Solution to the "Two Wars" Strategy Problem
The National Security Staff must make a decision today on what to do with the phrase "two wars."
In my opinion, the new national security strategy can be characterized as a shift from "containment" (1942-1980) to "entanglement" (1980-2028). A recent John Arquila article in Prism helps explain this transition away from "force-on-force" conflict to "network-embedded-with-network" conflict. Similarly, Elaine Bunn at National Defense University has advocated "tailored" nuclear strategies -- theater by theater.
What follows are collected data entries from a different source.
(* In the setting described in the context, suppose the weighted design matrix $A_w\in\mathbb{R}^{T\times k}$ has full column rank. Then the least-squares estimator $\hat{\mathbf f}=(A_w^{\top}A_w)^{-1}A_w^{\top}\tilde{\mathbf s}$ satisfies $\mathbb{E}[\hat{\mathbf f}]=\mathbf f$, where the expectation is over the randomness of the users' reports, taken conditionally on the block counts $(n_0,\dots,n_{\ell-1})$ (all assumed $\ge 1$).
   Context: Domain $[k]=\{0,\dots,k-1\}$, privacy parameter $\varepsilon>0$, pairwise-coprime integer moduli $m_0,\dots,m_{\ell-1}\ge 2$. For each $j$, $\omega_j$ is the nearest integer to $m_j/(e^{\varepsilon}+1)$, $p_j=\frac{\omega_j e^{\varepsilon}}{\omega_j e^{\varepsilon}+m_j-\omega_j}$, and $q_j=\frac{\omega_j e^{\varepsilon}(\omega_j-1)+(m_j-\omega_j)\omega_j}{(m_j-1)(\omega_j e^{\varepsilon}+m_j-\omega_j)}$. There are $n$ users with values $x_1,\dots,x_n\in[k]$, and $\mathbf f\in\mathbb{R}^k$ with $f_v=\#\{i:x_i=v\}/n$. Each user independently runs the following mechanism on its value $x$: draw $J$ uniform on $\{0,\dots,\ell-1\}$; set $r=x\bmod m_J$; with probability $p_J$ report $Z=\{r\}\cup S$ with $S$ a uniformly random $(\omega_J-1)$-subset of $\{0,\dots,m_J-1\}\setminus\{r\}$, otherwise report $Z$ a uniformly random $\omega_J$-subset of $\{0,\dots,m_J-1\}\setminus\{r\}$; the report is $(J,Z)$. Server: $n_j$ is the number of reports with $J=j$; $c_j\in\mathbb{R}^{m_j}$ with $c_j[a]$ the number of reports with $J=j$ and $a\in Z$; $\bar y_j=c_j/n_j$; $\hat s_j=(\bar y_j-q_j\mathbf 1)/(p_j-q_j)$; $\mathbf s\in\mathbb{R}^T$ stacks $\hat s_0,\dots,\hat s_{\ell-1}$, with $T=\sum_j m_j$. Let $\pi_j=q_j+(p_j-q_j)/m_j$ and $w_j=\frac{(p_j-q_j)^2 n_j}{\pi_j(1-\pi_j)}$; let $W^{1/2}$ be the $T\times T$ diagonal matrix whose entries are $\sqrt{w_0}$ repeated $m_0$ times, ..., $\sqrt{w_{\ell-1}}$ repeated $m_{\ell-1}$ times. For each $j$, $A_j\in\{0,1\}^{m_j\times k}$ has $A_j[r,x]=1$ iff $x\bmod m_j=r$; $A\in\{0,1\}^{T\times k}$ stacks $A_0,\dots,A_{\ell-1}$ vertically; $A_w=W^{1/2}A$ and $\tilde{\mathbf s}=W^{1/2}\mathbf s$. *)

theory Defs
  imports "HOL-Probability.Probability" "Jordan_Normal_Form.Matrix"
    "Jordan_Normal_Form.Gauss_Jordan_Elimination" "Jordan_Normal_Form.DL_Rank"
begin

text \<open>Parameters: eps (privacy), moduli m 0, ..., m (l-1), number of blocks l.
  A report is a pair (J, Z) with J a block index and Z a set of residues.\<close>

type_synonym report = "nat \<times> nat set"

definition omega :: "real \<Rightarrow> (nat \<Rightarrow> nat) \<Rightarrow> nat \<Rightarrow> nat" where
  "omega eps m j = nat (round (real (m j) / (exp eps + 1)))"

definition pp :: "real \<Rightarrow> (nat \<Rightarrow> nat) \<Rightarrow> nat \<Rightarrow> real" where
  "pp eps m j = (let w = real (omega eps m j); mj = real (m j) in
     w * exp eps / (w * exp eps + mj - w))"

definition qq :: "real \<Rightarrow> (nat \<Rightarrow> nat) \<Rightarrow> nat \<Rightarrow> real" where
  "qq eps m j = (let w = real (omega eps m j); mj = real (m j) in
     (w * exp eps * (w - 1) + (mj - w) * w) / ((mj - 1) * (w * exp eps + mj - w)))"

definition mech :: "real \<Rightarrow> (nat \<Rightarrow> nat) \<Rightarrow> nat \<Rightarrow> nat \<Rightarrow> report pmf" where
  "mech eps m l x = do {
     J \<leftarrow> pmf_of_set {0..<l};
     let r = x mod m J;
     b \<leftarrow> bernoulli_pmf (pp eps m J);
     if b then do {
       S \<leftarrow> pmf_of_set {S. S \<subseteq> {0..<m J} - {r} \<and> card S = omega eps m J - 1};
       return_pmf (J, insert r S) }
     else do {
       Z \<leftarrow> pmf_of_set {Z. Z \<subseteq> {0..<m J} - {r} \<and> card Z = omega eps m J};
       return_pmf (J, Z) } }"

definition reports :: "real \<Rightarrow> (nat \<Rightarrow> nat) \<Rightarrow> nat \<Rightarrow> nat \<Rightarrow> (nat \<Rightarrow> nat) \<Rightarrow> (nat \<Rightarrow> report) pmf" where
  "reports eps m l n x = Pi_pmf {0..<n} (0, {}) (\<lambda>i. mech eps m l (x i))"

definition blockcount :: "nat \<Rightarrow> (nat \<Rightarrow> report) \<Rightarrow> nat \<Rightarrow> nat" where
  "blockcount n \<rho> j = card {i. i < n \<and> fst (\<rho> i) = j}"

definition cnt :: "nat \<Rightarrow> (nat \<Rightarrow> report) \<Rightarrow> nat \<Rightarrow> nat \<Rightarrow> nat" where
  "cnt n \<rho> j a = card {i. i < n \<and> fst (\<rho> i) = j \<and> a \<in> snd (\<rho> i)}"

definition shat :: "real \<Rightarrow> (nat \<Rightarrow> nat) \<Rightarrow> nat \<Rightarrow> (nat \<Rightarrow> report) \<Rightarrow> nat \<Rightarrow> nat \<Rightarrow> real" where
  "shat eps m n \<rho> j a =
     (real (cnt n \<rho> j a) / real (blockcount n \<rho> j) - qq eps m j) / (pp eps m j - qq eps m j)"

definition piv :: "real \<Rightarrow> (nat \<Rightarrow> nat) \<Rightarrow> nat \<Rightarrow> real" where
  "piv eps m j = qq eps m j + (pp eps m j - qq eps m j) / real (m j)"

definition wt :: "real \<Rightarrow> (nat \<Rightarrow> nat) \<Rightarrow> (nat \<Rightarrow> nat) \<Rightarrow> nat \<Rightarrow> real" where
  "wt eps m nj j = (pp eps m j - qq eps m j)^2 * real (nj j) / (piv eps m j * (1 - piv eps m j))"

text \<open>Stacking: row t of the T x k matrix corresponds to block blk t, residue pos t.\<close>
definition offset :: "(nat \<Rightarrow> nat) \<Rightarrow> nat \<Rightarrow> nat" where
  "offset m j = (\<Sum>i<j. m i)"

definition TT :: "(nat \<Rightarrow> nat) \<Rightarrow> nat \<Rightarrow> nat" where
  "TT m l = offset m l"

definition blk :: "(nat \<Rightarrow> nat) \<Rightarrow> nat \<Rightarrow> nat" where
  "blk m t = (LEAST j. t < offset m (Suc j))"

definition pos :: "(nat \<Rightarrow> nat) \<Rightarrow> nat \<Rightarrow> nat" where
  "pos m t = t - offset m (blk m t)"

definition Amat :: "(nat \<Rightarrow> nat) \<Rightarrow> nat \<Rightarrow> nat \<Rightarrow> real mat" where
  "Amat m l k = mat (TT m l) k (\<lambda>(t, v). if v mod m (blk m t) = pos m t then 1 else 0)"

definition Aw :: "real \<Rightarrow> (nat \<Rightarrow> nat) \<Rightarrow> nat \<Rightarrow> nat \<Rightarrow> (nat \<Rightarrow> nat) \<Rightarrow> real mat" where
  "Aw eps m l k nj = mat (TT m l) k
     (\<lambda>(t, v). sqrt (wt eps m nj (blk m t)) * Amat m l k $$ (t, v))"

definition stilde :: "real \<Rightarrow> (nat \<Rightarrow> nat) \<Rightarrow> nat \<Rightarrow> nat \<Rightarrow> (nat \<Rightarrow> report) \<Rightarrow> real vec" where
  "stilde eps m l n \<rho> = vec (TT m l)
     (\<lambda>t. sqrt (wt eps m (blockcount n \<rho>) (blk m t)) * shat eps m n \<rho> (blk m t) (pos m t))"

definition fhat :: "real \<Rightarrow> (nat \<Rightarrow> nat) \<Rightarrow> nat \<Rightarrow> nat \<Rightarrow> nat \<Rightarrow> (nat \<Rightarrow> report) \<Rightarrow> real vec" where
  "fhat eps m l k n \<rho> =
     (let A = Aw eps m l k (blockcount n \<rho>) in
      the (mat_inverse (transpose_mat A * A)) *\<^sub>v (transpose_mat A *\<^sub>v stilde eps m l n \<rho>))"

end

theory Submission
  imports Defs
begin

(* Conditioned on the block counts n_j, the weights and hence A_w are fixed, and the estimator is
   f^ = M s~ for the fixed left inverse M = (A_w^T A_w)^-1 A_w^T of A_w.  By linearity it suffices
   that E[s~] = A_w f, i.e. that every hat s_j is unbiased for A_j f.  The conditioning event only
   involves the block indices J_1, ..., J_n, which are exchangeable, so each user lies in block j
   with conditional probability n_j / n; given that, and independently of the other users, its
   report contains residue a with probability p_j if x mod m_j = a and q_j otherwise.  Hence
   E[c_j[a]] = n_j (q_j + (p_j - q_j) (A_j f)[a]), which is the unbiasedness of hat s_j. *)

lemma real_scalar_prod_self_eq_0_iff:
  fixes v :: "real vec"
  assumes "v \<in> carrier_vec n"
  shows "v \<bullet> v = 0 \<longleftrightarrow> v = 0\<^sub>v n"
proof -
  have "conjugate v = v" by (rule eq_vecI) auto
  then show ?thesis using conjugate_square_eq_0_vec[OF assms] by simp
qed

lemma (in vec_space) full_rank_mult_vec_eq_0:
  assumes A: "A \<in> carrier_mat n k" and r: "rank A = k"
    and v: "v \<in> carrier_vec k" and Av: "A *\<^sub>v v = 0\<^sub>v n"
  shows "v = 0\<^sub>v k"
proof (rule ccontr)
  assume nz: "v \<noteq> 0\<^sub>v k"
  show False
  proof (cases "distinct (cols A)")
    case True
    show False using full_rank_lin_indpt[OF A r True] lin_depI[OF A v nz Av True] by simp
  next
    case False
    obtain S where S: "maximal S (\<lambda>T. T \<subseteq> set (cols A) \<and> lin_indpt T)"
      using maximal_exists[of "(\<lambda>T. T \<subseteq> set (cols A) \<and> lin_indpt T)" "card (set (cols A))" "{}"]
      by (meson List.finite_set card_mono empty_iff empty_subsetI finite_lin_indpt2 rev_finite_subset)
    then have "card S \<le> card (set (cols A))" by (simp add: card_mono maximal_def)
    also have "card (set (cols A)) < k"
      using A False card_distinct cols_length card_length carrier_matD(2) nat_less_le
      by metis
    finally show False using rank_card_indpt[OF A S] r by simp
  qed
qed

lemma gram_mat_inverse:
  fixes A :: "real mat"
  assumes A: "A \<in> carrier_mat n k" and r: "vec_space.rank n A = k"
  obtains B where "mat_inverse (A\<^sup>T * A) = Some B" "B * (A\<^sup>T * A) = 1\<^sub>m k" "B \<in> carrier_mat k k"
proof -
  let ?G = "A\<^sup>T * A"
  have G: "?G \<in> carrier_mat k k" using A by auto
  have "v = 0\<^sub>v k" if v: "v \<in> carrier_vec k" and Gv: "?G *\<^sub>v v = 0\<^sub>v k" for v
  proof -
    have "(A *\<^sub>v v) \<bullet> (A *\<^sub>v v) = (?G *\<^sub>v v) \<bullet> v"
      using A v by (simp add: assoc_mult_mat_vec transpose_vec_mult_scalar)
    then have "A *\<^sub>v v = 0\<^sub>v n"
      using A v Gv by (simp add: real_scalar_prod_self_eq_0_iff[of _ n])
    then show ?thesis using vec_space.full_rank_mult_vec_eq_0[OF A r v] by simp
  qed
  then have "det ?G \<noteq> 0" using det_0_iff_vec_prod_zero_field[OF G] by blast
  then have "?G \<in> Units (ring_mat TYPE(real) k ())" by (rule det_non_zero_imp_unit[OF G])
  then obtain B where "mat_inverse ?G = Some B"
    using mat_inverse(1)[OF G, where b="()"] by (cases "mat_inverse ?G") auto
  with mat_inverse(2)[OF G] that show ?thesis by blast
qed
Today's Early Bird has three articles on Yemen, which is not one of the "two wars." We need to continue to migrate away from the "one big war" model of Bush-Cheney-Rice, through the "two manageable wars" model of Obama-Biden-Jones, toward a tailored portfolio of decreasingly-toxic entanglements throughout the world.
So a step toward that strategy is to admit to ourselves -- finally -- that we are actually fighting three wars at the moment: the fight against Al Qaeda and its affiliates (worldwide), the War in Iraq (against Sunni and Shia extremist insurgents), and the War in Afghanistan-Pakistan (against the Taliban).
Bottom Line: Instead of changing the rhetoric from "two wars" to "one war" (a false indicator of success), the President should change from "two wars" to "three wars" (an accurate portrayal of the current situation). This would necessitate a major foreign policy speech to explain that fighting one endless war against vague "Islamic Jihad" is less intelligent than fighting three bounded wars against specific targets with specific objectives and specific end-states.